1942- THE COCONUT GROVE FIRE-The U.S. public was distracted for awhile from war news by reports of a terrible disaster in Boston. A fire broke out at a popular nightclub called the Cocoanut Grove and killed 492 people in only twelve minutes. The clubs decorations caught fire and created carbon monoxide gas and there were only two exits. Among the dead was western movie star Buck Jones. The tragedy created the first mandatory laws requiring public buildings to have fire exits opening outwards and safety testing of decorative materials.



1942- Fleischer Paramount cartoon short “Superman and the Mechanical Monsters” opened in theaters. For the first time we see Clark Kent change into Superman in a phone booth. In 2004 the cartoon was the inspiration for Kerry Conran’s scifi epic “Sky Captain and the World of Tomorrow” With Jude Law, Gwynneth Paltrow and Angelina Jolie.
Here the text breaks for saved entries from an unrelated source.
lemma admissible_decreasing_approximation:
  obtains \<eta> where "\<And>m. admissible (\<eta> m)"
    and "\<And>\<omega>. \<omega> \<in> space M \<Longrightarrow> antimono (\<lambda>m. pi_Gamma M \<Gamma> \<pi> (\<eta> m) \<omega>)"
    and "\<And>\<omega>. \<omega> \<in> space M \<Longrightarrow> (\<lambda>m. pi_Gamma M \<Gamma> \<pi> (\<eta> m) \<omega>) \<longlonglongrightarrow> acc_inf \<omega>"
proof -
  have directed: "\<exists>\<xi>. admissible \<xi> \<and> (\<forall>B\<in>\<Gamma>. ess_sup_on M B (\<pi> \<xi>) \<le> ess_sup_on M B (\<pi> \<xi>\<^sub>1) \<and>
      ess_sup_on M B (\<pi> \<xi>) \<le> ess_sup_on M B (\<pi> \<xi>\<^sub>2))"
    if "admissible \<xi>\<^sub>1" "admissible \<xi>\<^sub>2" for \<xi>\<^sub>1 \<xi>\<^sub>2
    using that by (rule admissible_cellwise_min) auto
  obtain \<eta> where \<eta>: "\<And>m. admissible (\<eta> m)"
    "\<And>B. B \<in> \<Gamma> \<Longrightarrow> decseq (\<lambda>m. ess_sup_on M B (\<pi> (\<eta> m)))"
    "\<And>B. B \<in> \<Gamma> \<Longrightarrow> (\<lambda>m. ess_sup_on M B (\<pi> (\<eta> m))) \<longlonglongrightarrow> cell_inf B"
    using directed_decreasing_approximation[where v = "\<lambda>B \<xi>. ess_sup_on M B (\<pi> \<xi>)",
        OF finite_partition admissible_X directed]
    unfolding cell_inf_def by blast
  show thesis
  proof (rule that[OF \<eta>(1)])
    fix \<omega> assume "\<omega> \<in> space M"
    then obtain B where B: "B \<in> \<Gamma>" "\<omega> \<in> B"
      by (rule in_some_cell)
    show "antimono (\<lambda>m. pi_Gamma M \<Gamma> \<pi> (\<eta> m) \<omega>)"
      using \<eta>(2)[OF B(1)] by (simp add: pi_Gamma_cell[OF B])
    show "(\<lambda>m. pi_Gamma M \<Gamma> \<pi> (\<eta> m) \<omega>) \<longlonglongrightarrow> acc_inf \<omega>"
      using \<eta>(3)[OF B(1)] by (simp add: pi_Gamma_cell[OF B] acc_inf_cell[OF B])
  qed
qed

lemma acc_inf_measurable: "acc_inf \<in> borel_measurable M"
proof -
  have "(\<lambda>\<omega>. if \<omega> \<in> B then cell_inf B else 0) \<in> borel_measurable M" if "B \<in> \<Gamma>" for B
    using that partition_sets subalg by (intro measurable_If_set) (auto simp: subalgebra_def)
  then show ?thesis
    unfolding acc_inf_def by (rule borel_measurable_ereal_sum)
qed

lemma is_ess_inf_acc_set: "is_ess_inf M (acc_set M G L \<Gamma> \<pi> X Q) acc_inf"
  unfolding is_ess_inf_def acc_set_eq
proof (intro conjI acc_inf_measurable ballI allI impI)
  fix Y assume "Y \<in> pi_Gamma M \<Gamma> \<pi> ` Collect admissible"
  then obtain \<xi> where \<xi>: "admissible \<xi>" "Y = pi_Gamma M \<Gamma> \<pi> \<xi>"
    by auto
  have "acc_inf \<omega> \<le> Y \<omega>" if "\<omega> \<in> space M" for \<omega>
    using that by (rule in_some_cell)
      (auto simp: \<xi>(2) pi_Gamma_cell acc_inf_cell cell_inf_def intro!: INF_lower \<xi>(1))
  then show "AE \<omega> in M. acc_inf \<omega> \<le> Y \<omega>"
    by (rule AE_I2)
next
  fix K assume K: "K \<in> borel_measurable M \<and> (\<forall>Y\<in>pi_Gamma M \<Gamma> \<pi> ` Collect admissible. AE \<omega> in M. K \<omega> \<le> Y \<omega>)"
  obtain \<eta> where \<eta>: "\<And>m. admissible (\<eta> m)"
    "\<And>\<omega>. \<omega> \<in> space M \<Longrightarrow> antimono (\<lambda>m. pi_Gamma M \<Gamma> \<pi> (\<eta> m) \<omega>)"
    "\<And>\<omega>. \<omega> \<in> space M \<Longrightarrow> (\<lambda>m. pi_Gamma M \<Gamma> \<pi> (\<eta> m) \<omega>) \<longlonglongrightarrow> acc_inf \<omega>"
    using admissible_decreasing_approximation by blast
  have "\<forall>m. AE \<omega> in M. K \<omega> \<le> pi_Gamma M \<Gamma> \<pi> (\<eta> m) \<omega>"
    using K \<eta>(1) by blast
  then have "AE \<omega> in M. \<forall>m. K \<omega> \<le> pi_Gamma M \<Gamma> \<pi> (\<eta> m) \<omega>"
    by (subst AE_all_countable)
  then show "AE \<omega> in M. K \<omega> \<le> acc_inf \<omega>"
  proof (rule AE_mp, intro AE_I2 impI)
    fix \<omega> assume "\<omega> \<in> space M" "\<forall>m. K \<omega> \<le> pi_Gamma M \<Gamma> \<pi> (\<eta> m) \<omega>"
    then show "K \<omega> \<le> acc_inf \<omega>"
      by (intro LIMSEQ_le_const[OF \<eta>(3)]) auto
  qed
qed

end

theorem lemma30:
  fixes M G :: "'a measure"
    and LF LG :: "('a \<Rightarrow> real) set"
    and \<pi> :: "('a \<Rightarrow> real) \<Rightarrow> ('a \<Rightarrow> real)"
    and \<Gamma> :: "'a set set"
    and X Q :: "'a \<Rightarrow> real"
  assumes "prob_space M"
    and "subalgebra M G"
    and "ind_vector_lattice M (sets M) LF"
    and "ind_vector_lattice M (sets G) LG"
    and "\<forall>Y\<in>LF. \<pi> Y \<in> LG"
    and "\<forall>Y\<in>LF. \<forall>Z\<in>LF. (AE \<omega> in M. Y \<omega> = Z \<omega>) \<longrightarrow> (AE \<omega> in M. \<pi> Y \<omega> = \<pi> Z \<omega>)"
    and REG: "\<forall>Y\<in>LF. \<forall>Z\<in>LF. \<forall>A\<in>sets G.
       AE \<omega> in M. \<pi> (\<lambda>\<omega>'. if \<omega>' \<in> A then Y \<omega>' else Z \<omega>') \<omega> = (if \<omega> \<in> A then \<pi> Y \<omega> else \<pi> Z \<omega>)"
    and "finite \<Gamma>" "\<Gamma> \<subseteq> sets G" "disjoint \<Gamma>" "\<Union>\<Gamma> = space M" "{} \<notin> \<Gamma>"
    and "X \<in> LF"
    and "Q \<in> order_cont_dual M LF \<inter> prob_densities M"
  shows "down_directed M (acc_set M G LF \<Gamma> \<pi> X Q) \<and>
    (\<exists>\<eta> :: nat \<Rightarrow> ('a \<Rightarrow> real). \<exists>K.
       is_ess_inf M (acc_set M G LF \<Gamma> \<pi> X Q) K \<and>
       (\<forall>m. \<eta> m \<in> LF \<and> (AE \<omega> in density M Q.
           real_cond_exp (density M Q) G (\<eta> m) \<omega> \<ge> real_cond_exp (density M Q) G X \<omega>)) \<and>
       (AE \<omega> in M. antimono (\<lambda>m. pi_Gamma M \<Gamma> \<pi> (\<eta> m) \<omega>) \<and>
                    (\<lambda>m. pi_Gamma M \<Gamma> \<pi> (\<eta> m) \<omega>) \<longlonglongrightarrow> K \<omega>))"
proof -
  interpret regular_partition_setting M G LF \<pi> \<Gamma> X Q
    using assms by unfold_locales (auto simp: order_cont_dual_def)
  obtain \<eta> where \<eta>: "\<And>m. admissible (\<eta> m)"
    "\<And>\<omega>. \<omega> \<in> space M \<Longrightarrow> antimono (\<lambda>m. pi_Gamma M \<Gamma> \<pi> (\<eta> m) \<omega>)"
    "\<And>\<omega>. \<omega> \<in> space M \<Longrightarrow> (\<lambda>m. pi_Gamma M \<Gamma> \<pi> (\<eta> m) \<omega>) \<longlonglongrightarrow> acc_inf \<omega>"
    using admissible_decreasing_approximation by blast
  have "\<forall>m. \<eta> m \<in> LF \<and> (AE \<omega> in density M Q.
      real_cond_exp (density M Q) G (\<eta> m) \<omega> \<ge> real_cond_exp (density M Q) G X \<omega>)"
    using \<eta>(1) by (simp add: admissible_def)
  moreover have "AE \<omega> in M. antimono (\<lambda>m. pi_Gamma M \<Gamma> \<pi> (\<eta> m) \<omega>) \<and>
      (\<lambda>m. pi_Gamma M \<Gamma> \<pi> (\<eta> m) \<omega>) \<longlonglongrightarrow> acc_inf \<omega>"
    using \<eta>(2,3) by (simp add: AE_I2)
  ultimately show ?thesis
    using down_directed_acc_set is_ess_inf_acc_set by blast
qed

end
1946- During the traditional Macy’s Thanksgiving Parade in NYC,  Hollywood cameras filmed the Macy Parade scenes for the movie “The Miracle on 34th St.”Star Edmund Gwenn posed as Santa.  At this time, Hollywood movies were rarely filmed on location. But the studio had little faith the film would be a success, and did not want waste a lot of money building big sets on their lot. 


1947- Disney's cartoon "Chip and Dale".


1948- Hopalong Cassidy premiered on television.


1953- Cartoonist & writer Milt Gross died.


1989- Opposites Attract, Paula Abdul dancing with cartoon MC Skat Kat, was released. It became one of the most popular R&B & dance-pop singles of 1990 and won a Grammy.